EXERCISE AIM: Scan the entries below for the word "ultimately". Copy out every line in which it occurs.

Saved entries:
(* Let $A$ be a unital $\Bbbk$-algebra which is a domain, and for $k=1,\dots,m$ let $\varphi_k$ be algebra automorphisms and $\partial_k$ locally nilpotent skew derivations of $A$ with respect to $\varphi_k$, such that $\partial_\ell\circ\varphi_k=q_{k\ell}\,\varphi_k\circ\partial_\ell$ for all $1\le k,\ell\le m$, where $\widehat{\mathbf q}=(q_{k\ell})$ is an $m\times m$ matrix over $\Bbbk^\times$ and each $q_{kk}$ is not a root of unity. Let $\varepsilon:A\to\Bbbk$ be an algebra homomorphism with $\varepsilon\circ\varphi_k=\varepsilon$ for all $k$. Let $A_{\mathbf q}$ be the $\Bbbk$-algebra generated by $t_1,\dots,t_m$ subject to $t_\ell t_k=q_{k\ell}t_kt_\ell$ for $k<\ell$. Then $$\Phi(x)=\sum_{a\in\mathbb Z_{\ge0}^m}\varepsilon\big(\partial_m^{(a_m)}\cdots\partial_1^{(a_1)}(x)\big)\,t_1^{a_1}\cdots t_m^{a_m}$$ (a finite sum) defines an algebra homomorphism $\Phi:A\to A_{\mathbf q}$.
   Context: A skew derivation with respect to $\varphi$ is a linear map $\partial$ with $\partial(ab)=\partial(a)b+\varphi(a)\partial(b)$; locally nilpotent means every element is killed by some power. Divided powers: $\partial_k^{(n)}=\frac{1}{[n]_{q_{kk}}!}\partial_k^n$ with $[n]_r!=\prod_{\ell=1}^n\frac{1-r^\ell}{1-r}$. *)

theory Defs
  imports Complex_Main
begin

definition is_algebra :: "('k::field \<Rightarrow> 'a::ring_1 \<Rightarrow> 'a) \<Rightarrow> bool" where
  "is_algebra sc \<longleftrightarrow> module sc \<and>
     (\<forall>c x y. sc c (x * y) = sc c x * y \<and> sc c (x * y) = x * sc c y)"
lemma sorted_nth_eq_rank_plus_occ_index:
  fixes f :: "'a \<Rightarrow> 'b::linorder"
  assumes sorted: "sorted (map f xs)" and inj: "inj_on f (set xs)" and k: "k < length xs"
  shows "k = length (filter (\<lambda>y. f y < f (xs ! k)) xs) + occ_index xs k"
proof -
  let ?below = "{k'. k' < length xs \<and> f (xs ! k') < f (xs ! k)}"
  let ?equal = "{k'. k' < k \<and> xs ! k' = xs ! k}"
  have mono: "f (xs ! i) \<le> f (xs ! j)" if "i \<le> j" "j < length xs" for i j
    using sorted_nth_mono[OF sorted that(1)] that by simp
  have "{..<k} = ?below \<union> ?equal"
  proof (intro equalityI subsetI)
    fix k' assume "k' \<in> {..<k}"
    then have "k' < k" by simp
    with k mono[of k' k] inj show "k' \<in> ?below \<union> ?equal"
      by (auto simp: le_less dest: inj_onD)
  next
    fix k' assume "k' \<in> ?below \<union> ?equal"
    with k mono[of k k'] show "k' \<in> {..<k}"
      by (auto simp: not_less[symmetric])
  qed
  moreover have "?below \<inter> ?equal = {}" by auto
  ultimately have "k = card ?below + card ?equal"
    by (metis card_Un_disjoint card_lessThan finite_Collect_conjI finite_Collect_less_nat)
  then show ?thesis by (simp add: length_filter_conv_card occ_index_def)
qed

lemma nth_sort_key_rank:
  fixes f :: "'a \<Rightarrow> 'b::linorder"
  assumes distinct: "distinct (map f xs)" and x: "x \<in> set xs"
  shows "sort_key f xs ! length (filter (\<lambda>y. f y < f x) xs) = x"
proof -
  let ?ys = "sort_key f xs"
  obtain j where j: "j < length ?ys" "?ys ! j = x"
    using x by (metis in_set_conv_nth set_sort)
  have "distinct (map f ?ys)"
    using distinct by (metis mset_sort mset_map mset_eq_imp_distinct_iff)
  then have inj: "inj_on f (set ?ys)" and "distinct ?ys"
    by (simp_all add: distinct_map)
  then have "occ_index ?ys j = 0"
    using j(1) by (auto simp: occ_index_def nth_eq_iff_index_eq)
  then have "j = length (filter (\<lambda>y. f y < f x) ?ys)"
    using sorted_nth_eq_rank_plus_occ_index[OF _ inj j(1)] j(2) by simp
  also have "\<dots> = length (filter (\<lambda>y. f y < f x) xs)"
    by (metis mset_sort mset_filter size_mset)
  finally show ?thesis using j(2) by simp
qed

lemma card_middle_index: "card {t. t < c \<and> 2 * t + 1 = c} = c - 2 * (c div 2)"
proof (cases "even c")
  case True
  then have "{t. t < c \<and> 2 * t + 1 = c} = {}" by auto
  then show ?thesis using True by simp
next
  case False
  then have "{t. t < c \<and> 2 * t + 1 = c} = {c div 2}" by auto presburger+
  then show ?thesis using False by simp presburger
qed
lemma is_walk_Cons_Cons [simp]:
  "is_walk E (x # y # xs) \<longleftrightarrow> {x, y} \<in> E \<and> is_walk E (y # xs)"
proof
  assume w: "is_walk E (x # y # xs)"
  have step: "{(x # y # xs) ! i, (x # y # xs) ! Suc i} \<in> E" if "Suc i < length (x # y # xs)" for i
    using w that unfolding is_walk_def by blast
  show "{x, y} \<in> E \<and> is_walk E (y # xs)"
    using step[of 0] step[of "Suc _"] unfolding is_walk_def by auto
next
  assume "{x, y} \<in> E \<and> is_walk E (y # xs)"
  then show "is_walk E (x # y # xs)"
    unfolding is_walk_def by (auto simp: less_Suc_eq_0_disj)
qed

lemma is_walk_append:
  "is_walk E xs \<Longrightarrow> is_walk E ys \<Longrightarrow> last xs = hd ys \<Longrightarrow> is_walk E (xs @ tl ys)"
proof (induction xs rule: induct_list012)
  case (2 x)
  then show ?case by (cases ys) auto
next
  case (3 x y zs)
  then show ?case by simp
qed simp

definition reachable_within :: "'a set set \<Rightarrow> nat \<Rightarrow> 'a \<Rightarrow> 'a \<Rightarrow> bool" where
  "reachable_within E k u v \<longleftrightarrow> (\<exists>xs. is_walk E xs \<and> hd xs = u \<and> last xs = v \<and> length xs \<le> k + 1)"

lemma reachable_within_refl: "reachable_within E 0 u u"
  unfolding reachable_within_def by (intro exI[of _ "[u]"]) simp

lemma reachable_within_edge: "{u, v} \<in> E \<Longrightarrow> reachable_within E 1 u v"
  unfolding reachable_within_def by (intro exI[of _ "[u, v]"]) simp

lemma reachable_within_mono: "reachable_within E k u v \<Longrightarrow> k \<le> k' \<Longrightarrow> reachable_within E k' u v"
  unfolding reachable_within_def by fastforce

lemma reachable_within_trans:
  assumes "reachable_within E k u v" and "reachable_within E k' v w"
  shows "reachable_within E (k + k') u w"
proof -
  obtain xs ys where xs: "is_walk E xs" "hd xs = u" "last xs = v" "length xs \<le> k + 1"
    and ys: "is_walk E ys" "hd ys = v" "last ys = w" "length ys \<le> k' + 1"
    using assms unfolding reachable_within_def by blast
  have "xs \<noteq> []" "ys \<noteq> []"
    using xs(1) ys(1) by auto
  then have "hd (xs @ tl ys) = u" "last (xs @ tl ys) = w" "length (xs @ tl ys) \<le> k + k' + 1"
    using xs ys by (auto simp: last_append last_tl neq_Nil_conv)
  moreover have "is_walk E (xs @ tl ys)"
    using xs ys by (intro is_walk_append) simp_all
  ultimately show ?thesis
    unfolding reachable_within_def by blast
qed

definition capped_level :: "'a set set \<Rightarrow> 'a \<Rightarrow> nat \<Rightarrow> 'a \<Rightarrow> nat" where
  "capped_level E u K v = (LEAST k. k = K \<or> reachable_within E k u v)"

lemma capped_level_le: "capped_level E u K v \<le> K"
  unfolding capped_level_def by (rule Least_le) simp

lemma capped_level_reachable:
  "capped_level E u K v < K \<Longrightarrow> reachable_within E (capped_level E u K v) u v"
  unfolding capped_level_def by (metis (mono_tags, lifting) LeastI less_irrefl)

lemma capped_level_self: "capped_level E u K u = 0"
  unfolding capped_level_def by (intro Least_eq_0) (simp add: reachable_within_refl)

lemma capped_level_lipschitz:
  assumes "{a, b} \<in> E"
  shows "capped_level E u K b \<le> capped_level E u K a + 1"
proof (cases "capped_level E u K a < K")
  case True
  then have "reachable_within E (capped_level E u K a + 1) u b"
    using reachable_within_trans[OF capped_level_reachable reachable_within_edge[OF assms]] by blast
  then show ?thesis
    unfolding capped_level_def by (intro Least_le) simp
next
  case False
  then show ?thesis
    using capped_level_le[of E u K b] by simp
qed

lemma reachable_within_lift:
  assumes edge: "\<And>x y. {x, y} \<in> E \<Longrightarrow> reachable_within EH B x y"
  shows "is_walk E ys \<Longrightarrow> reachable_within EH (B * (length ys - 1)) (hd ys) (last ys)"
proof (induction ys rule: induct_list012)
  case (2 x)
  then show ?case by (simp add: reachable_within_refl)
next
  case (3 x y zs)
  then have "{x, y} \<in> E" and "reachable_within EH (B * (length (y # zs) - 1)) y (last (y # zs))"
    by simp_all
  then have "reachable_within EH (B + B * (length (y # zs) - 1)) x (last (y # zs))"
    by (rule reachable_within_trans[OF edge])
  then show ?case by simp
qed simp

lemma graph_dist_le_reachable: "reachable_within E k u v \<Longrightarrow> graph_dist E u v \<le> ereal (real k)"
  unfolding reachable_within_def graph_dist_def by (auto intro!: INF_lower2)

lemma graph_dist_attained:
  assumes "graph_dist E u v \<noteq> \<infinity>"
  obtains xs where "is_walk E xs" "hd xs = u" "last xs = v"
    "graph_dist E u v = ereal (real (length xs - 1))"
proof -
  let ?S = "{xs. is_walk E xs \<and> hd xs = u \<and> last xs = v}"
  have "?S \<noteq> {}"
  proof
    assume empty: "?S = {}"
    have "graph_dist E u v = \<infinity>"
      unfolding graph_dist_def empty by (simp add: top_ereal_def)
    with assms show False ..
  qed
  then obtain ys where ys: "ys \<in> ?S" and shortest: "\<And>zs. zs \<in> ?S \<Longrightarrow> length ys \<le> length zs"
    using ex_has_least_nat[of "\<lambda>zs. zs \<in> ?S" _ length] by blast
  have "graph_dist E u v = ereal (real (length ys - 1))"
    unfolding graph_dist_def
  proof (rule antisym)
    show "(INF xs\<in>?S. ereal (real (length xs - 1))) \<le> ereal (real (length ys - 1))"
      by (rule INF_lower[OF ys])
    show "ereal (real (length ys - 1)) \<le> (INF xs\<in>?S. ereal (real (length xs - 1)))"
      using shortest by (intro INF_greatest) (simp add: diff_le_mono)
  qed
  with ys that show ?thesis
    by blast
qed

lemma is_spanner_if_edges_reachable:
  assumes "EH \<subseteq> E" and "0 < t" and "real B \<le> t"
    and edge: "\<And>x y. {x, y} \<in> E \<Longrightarrow> reachable_within EH B x y"
  shows "is_spanner t V E EH"
  unfolding is_spanner_def
proof (intro conjI ballI)
  fix u v
  show "graph_dist EH u v \<le> ereal t * graph_dist E u v"
  proof (cases "graph_dist E u v = \<infinity>")
    case True
    then show ?thesis
      using \<open>0 < t\<close> by simp
  next
    case False
    then obtain ys where ys: "is_walk E ys" "hd ys = u" "last ys = v"
      "graph_dist E u v = ereal (real (length ys - 1))"
      by (rule graph_dist_attained)
    have "graph_dist EH u v \<le> ereal (real (B * (length ys - 1)))"
      using reachable_within_lift[OF edge ys(1)] ys(2,3) by (intro graph_dist_le_reachable) simp
    also have "\<dots> \<le> ereal (t * real (length ys - 1))"
      using \<open>real B \<le> t\<close> by (simp add: mult_right_mono)
    also have "\<dots> = ereal t * graph_dist E u v"
      using ys(4) by simp
    finally show ?thesis .
  qed
qed (rule assms(1))

section \<open>The level gap across an edge of G\<close>

lemma level_gap_arith:
  fixes eps m K T :: real
  assumes "eps \<le> 1/18" and "0 \<le> m" and "1 \<le> T"
    and excess: "(1 - eps) * m\<^sup>2 - (1 + eps) * m \<le> 4 * eps * T ^ 4"
    and "K \<le> m + 1 + 3 * T\<^sup>2"
  shows "K \<le> 9 * T\<^sup>2"
proof -
  have "eps * (m\<^sup>2 + m) \<le> 1/18 * (m\<^sup>2 + m)"
    using assms(1,2) by (intro mult_right_mono) auto
  moreover have "4 * eps * T ^ 4 \<le> 4 * (1/18) * T ^ 4"
    using assms(1) by (intro mult_right_mono) auto
  ultimately have bound: "17 * m\<^sup>2 - 19 * m \<le> 4 * T ^ 4"
    using excess by (simp add: algebra_simps)
  have "m \<le> T\<^sup>2 + 2"
  proof (rule ccontr)
    assume "\<not> m \<le> T\<^sup>2 + 2"
    then have "T\<^sup>2 + 2 < m" and "0 < m"
      using zero_le_power2[of T] by linarith+
    then have "(T\<^sup>2 + 2) * (17 * T\<^sup>2 + 15) < m * (17 * m - 19)"
      by (intro mult_strict_mono) auto
    moreover have "(T\<^sup>2 + 2) * (17 * T\<^sup>2 + 15) = 17 * T ^ 4 + 49 * T\<^sup>2 + 30"
      by (simp add: algebra_simps power2_eq_square power4_eq_xxxx)
    moreover have "m * (17 * m - 19) = 17 * m\<^sup>2 - 19 * m"
      by (simp add: algebra_simps power2_eq_square)
    moreover have "0 \<le> T ^ 4"
      by simp
    ultimately show False
      using bound zero_le_power2[of T] by linarith
  qed
  moreover have "1 \<le> T\<^sup>2"
    using assms(3) by (simp add: one_le_power)
  ultimately show ?thesis
    using assms(5) by linarith
qed

lemma sparsifier_level_gap:
  assumes G: "simple_graph V E" and H: "spectral_sparsifier eps V E EH w"
    and eps: "0 \<le> eps" "eps \<le> 1/18"
    and lipschitz: "\<And>a b. {a, b} \<in> EH \<Longrightarrow> l b \<le> l a + 1"
    and uv: "{u, v} \<in> E" and "l u = 0" and "K \<le> l v"
  shows "real K \<le> 9 * real (card V) powr (2/3)"
proof -
  have "finite V" and E: "\<forall>e\<in>E. e \<subseteq> V \<and> card e = 2"
    using G unfolding simple_graph_def by auto
  then have "finite E"
    by (intro finite_subset[of E "Pow V"]) auto
  define n where "n = real (card V)"
  (* T = n^(1/3) balances the 2nT edges with a single cut against the n/T heavy levels. *)
  define T where "T = n powr (1/3)"
  define J where "J = nonisolated (light_cuts V l T K)"
  have "u \<in> V"
    using E uv by blast
  then have "1 \<le> n"
    using \<open>finite V\<close> unfolding n_def by (auto simp: Suc_le_eq card_gt_0_iff)
  then have "1 \<le> T" and T2: "T\<^sup>2 = n powr (2/3)" and T3: "T ^ 3 = n"
    unfolding T_def by (simp_all add: ge_one_powr_ge_zero powr_power)
  have nT: "n * T = T ^ 4"
    unfolding T3[symmetric] by (simp add: power3_eq_cube power4_eq_xxxx)
  have n_div_T: "n / T = T\<^sup>2"
    unfolding T3[symmetric] using \<open>1 \<le> T\<close> by (simp add: power2_eq_square power3_eq_cube)
  have light: "real (card {a\<in>V. l a = j}) \<le> T" "real (card {a\<in>V. l a = Suc j}) \<le> T"
    if "j \<in> J" for j
    using that nonisolated_subset unfolding J_def light_cuts_def by blast+
  have neighbour: "Suc j \<in> J \<or> (0 < j \<and> j - 1 \<in> J)" if "j \<in> J" for j
    using that unfolding J_def by (rule nonisolated_neighbour)
  have "J \<subseteq> {..<K}"
    unfolding J_def light_cuts_def using nonisolated_subset by blast
  then have "finite J"
    using finite_subset by blast
  have "{j\<in>J. l u \<le> j \<and> j < l v} = J"
    using \<open>J \<subseteq> {..<K}\<close> \<open>l u = 0\<close> \<open>K \<le> l v\<close> by auto
  then have "cut_count l J {u, v} = card J"
    using cut_count_doubleton[of l u v J] \<open>l u = 0\<close> by simp
  moreover have "(1 - eps) * (\<Sum>e\<in>E. (real (cut_count l J e))\<^sup>2) \<le> (1 + eps) * (\<Sum>e\<in>E. real (cut_count l J e))"
    using eps by (intro sparsifier_cut_count_inequality[OF G H _ _ \<open>finite J\<close> lipschitz]) auto
  ultimately have "(1 - eps) * (real (card J))\<^sup>2 - (1 + eps) * real (card J)
      \<le> 2 * eps * real (card {e\<in>E. cut_count l J e = 1})"
    using quadratic_excess_bound[OF \<open>finite E\<close> uv eps(1), of "cut_count l J"] eps(2) by simp
  also have "\<dots> \<le> 2 * eps * (2 * n * T)"
    using card_single_cut_edges[OF \<open>finite V\<close> E _ neighbour light] \<open>1 \<le> T\<close> eps(1)
    unfolding n_def by (intro mult_left_mono) auto
  also have "\<dots> = 4 * eps * T ^ 4"
    using nT by simp
  moreover have "real K \<le> real (card J) + 1 + 3 * T\<^sup>2"
    using card_nonisolated_light_cuts[OF \<open>finite V\<close>, of T K l] \<open>1 \<le> T\<close> n_div_T
    unfolding J_def n_def by simp
  ultimately have "real K \<le> 9 * T\<^sup>2"
    using eps(2) \<open>1 \<le> T\<close> by (intro level_gap_arith) auto
  then show ?thesis
    unfolding T2 n_def .
qed

lemma sparsifier_edge_reachable:
  assumes G: "simple_graph V E" and H: "spectral_sparsifier eps V E EH w"
    and eps: "0 \<le> eps" "eps \<le> 1/18"
    and xy: "{x, y} \<in> E" and B: "9 * real (card V) powr (2/3) < real (Suc B)"
  shows "reachable_within EH B x y"
proof -
  let ?l = "capped_level EH x (Suc B)"
  have "real (Suc B) \<le> 9 * real (card V) powr (2/3)" if "Suc B \<le> ?l y"
    using eps capped_level_lipschitz xy capped_level_self that
    by (rule sparsifier_level_gap[OF G H, where l = ?l])
  then have "?l y < Suc B"
    using B by fastforce
  then have "reachable_within EH (?l y) x y"
    by (rule capped_level_reachable)
  then show ?thesis
    by (rule reachable_within_mono) (use \<open>?l y < Suc B\<close> in simp)
qed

WRITTEN ANSWER:
  ultimately have "k = card ?below + card ?equal"
  ultimately show ?thesis
  ultimately have bound: "17 * m\<^sup>2 - 19 * m \<le> 4 * T ^ 4"
    ultimately show False
  ultimately show ?thesis
  ultimately have "(1 - eps) * (real (card J))\<^sup>2 - (1 + eps) * real (card J)
  ultimately have "real K \<le> 9 * T\<^sup>2"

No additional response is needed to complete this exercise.